- WORK TO BE COMPLETED -
Restate the records so that not a single word differs.

[Saved entries]

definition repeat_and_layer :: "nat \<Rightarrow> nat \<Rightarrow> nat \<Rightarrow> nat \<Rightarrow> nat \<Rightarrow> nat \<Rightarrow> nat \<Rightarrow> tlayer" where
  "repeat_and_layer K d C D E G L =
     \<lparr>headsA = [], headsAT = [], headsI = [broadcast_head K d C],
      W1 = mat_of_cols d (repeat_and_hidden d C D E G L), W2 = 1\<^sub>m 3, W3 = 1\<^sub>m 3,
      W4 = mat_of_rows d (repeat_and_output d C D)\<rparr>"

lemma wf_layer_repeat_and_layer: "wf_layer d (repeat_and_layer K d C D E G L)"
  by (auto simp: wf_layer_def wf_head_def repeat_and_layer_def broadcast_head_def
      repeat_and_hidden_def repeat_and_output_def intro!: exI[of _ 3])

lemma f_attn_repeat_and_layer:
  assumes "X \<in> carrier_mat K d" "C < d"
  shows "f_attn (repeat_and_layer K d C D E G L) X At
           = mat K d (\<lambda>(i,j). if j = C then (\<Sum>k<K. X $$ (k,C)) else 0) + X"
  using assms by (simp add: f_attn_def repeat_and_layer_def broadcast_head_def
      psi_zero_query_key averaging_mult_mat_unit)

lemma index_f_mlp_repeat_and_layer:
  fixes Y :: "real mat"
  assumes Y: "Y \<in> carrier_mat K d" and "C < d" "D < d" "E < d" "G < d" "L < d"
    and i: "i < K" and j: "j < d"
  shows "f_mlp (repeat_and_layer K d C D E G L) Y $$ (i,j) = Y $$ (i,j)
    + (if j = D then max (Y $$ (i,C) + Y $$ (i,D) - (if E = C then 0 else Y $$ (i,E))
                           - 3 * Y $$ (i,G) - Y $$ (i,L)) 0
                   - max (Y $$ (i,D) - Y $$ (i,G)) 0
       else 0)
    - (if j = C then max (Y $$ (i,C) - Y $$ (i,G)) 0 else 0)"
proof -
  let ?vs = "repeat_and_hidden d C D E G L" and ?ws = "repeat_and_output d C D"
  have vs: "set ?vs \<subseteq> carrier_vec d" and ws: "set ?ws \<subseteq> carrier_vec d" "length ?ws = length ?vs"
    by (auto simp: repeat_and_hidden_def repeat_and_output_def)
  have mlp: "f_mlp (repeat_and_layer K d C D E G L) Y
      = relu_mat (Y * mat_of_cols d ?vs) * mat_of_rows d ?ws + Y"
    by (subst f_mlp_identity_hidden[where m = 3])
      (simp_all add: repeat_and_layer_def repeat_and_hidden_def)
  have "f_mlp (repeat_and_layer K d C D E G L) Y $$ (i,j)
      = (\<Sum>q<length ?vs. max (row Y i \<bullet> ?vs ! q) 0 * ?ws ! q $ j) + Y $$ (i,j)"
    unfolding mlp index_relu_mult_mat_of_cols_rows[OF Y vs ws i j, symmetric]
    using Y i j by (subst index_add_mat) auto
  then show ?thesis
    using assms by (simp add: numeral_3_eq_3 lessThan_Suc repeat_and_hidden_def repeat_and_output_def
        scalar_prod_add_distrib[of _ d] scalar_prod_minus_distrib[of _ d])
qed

- TASK SOLUTION -
definition repeat_and_layer :: "nat \<Rightarrow> nat \<Rightarrow> nat \<Rightarrow> nat \<Rightarrow> nat \<Rightarrow> nat \<Rightarrow> nat \<Rightarrow> tlayer" where
  "repeat_and_layer K d C D E G L =
     \<lparr>headsA = [], headsAT = [], headsI = [broadcast_head K d C],
      W1 = mat_of_cols d (repeat_and_hidden d C D E G L), W2 = 1\<^sub>m 3, W3 = 1\<^sub>m 3,
      W4 = mat_of_rows d (repeat_and_output d C D)\<rparr>"

lemma wf_layer_repeat_and_layer: "wf_layer d (repeat_and_layer K d C D E G L)"
  by (auto simp: wf_layer_def wf_head_def repeat_and_layer_def broadcast_head_def
      repeat_and_hidden_def repeat_and_output_def intro!: exI[of _ 3])

lemma f_attn_repeat_and_layer:
  assumes "X \<in> carrier_mat K d" "C < d"
  shows "f_attn (repeat_and_layer K d C D E G L) X At
           = mat K d (\<lambda>(i,j). if j = C then (\<Sum>k<K. X $$ (k,C)) else 0) + X"
  using assms by (simp add: f_attn_def repeat_and_layer_def broadcast_head_def
      psi_zero_query_key averaging_mult_mat_unit)

lemma index_f_mlp_repeat_and_layer:
  fixes Y :: "real mat"
  assumes Y: "Y \<in> carrier_mat K d" and "C < d" "D < d" "E < d" "G < d" "L < d"
    and i: "i < K" and j: "j < d"
  shows "f_mlp (repeat_and_layer K d C D E G L) Y $$ (i,j) = Y $$ (i,j)
    + (if j = D then max (Y $$ (i,C) + Y $$ (i,D) - (if E = C then 0 else Y $$ (i,E))
                           - 3 * Y $$ (i,G) - Y $$ (i,L)) 0
                   - max (Y $$ (i,D) - Y $$ (i,G)) 0
       else 0)
    - (if j = C then max (Y $$ (i,C) - Y $$ (i,G)) 0 else 0)"
proof -
  let ?vs = "repeat_and_hidden d C D E G L" and ?ws = "repeat_and_output d C D"
  have vs: "set ?vs \<subseteq> carrier_vec d" and ws: "set ?ws \<subseteq> carrier_vec d" "length ?ws = length ?vs"
    by (auto simp: repeat_and_hidden_def repeat_and_output_def)
  have mlp: "f_mlp (repeat_and_layer K d C D E G L) Y
      = relu_mat (Y * mat_of_cols d ?vs) * mat_of_rows d ?ws + Y"
    by (subst f_mlp_identity_hidden[where m = 3])
      (simp_all add: repeat_and_layer_def repeat_and_hidden_def)
  have "f_mlp (repeat_and_layer K d C D E G L) Y $$ (i,j)
      = (\<Sum>q<length ?vs. max (row Y i \<bullet> ?vs ! q) 0 * ?ws ! q $ j) + Y $$ (i,j)"
    unfolding mlp index_relu_mult_mat_of_cols_rows[OF Y vs ws i j, symmetric]
    using Y i j by (subst index_add_mat) auto
  then show ?thesis
    using assms by (simp add: numeral_3_eq_3 lessThan_Suc repeat_and_hidden_def repeat_and_output_def
        scalar_prod_add_distrib[of _ d] scalar_prod_minus_distrib[of _ d])
qed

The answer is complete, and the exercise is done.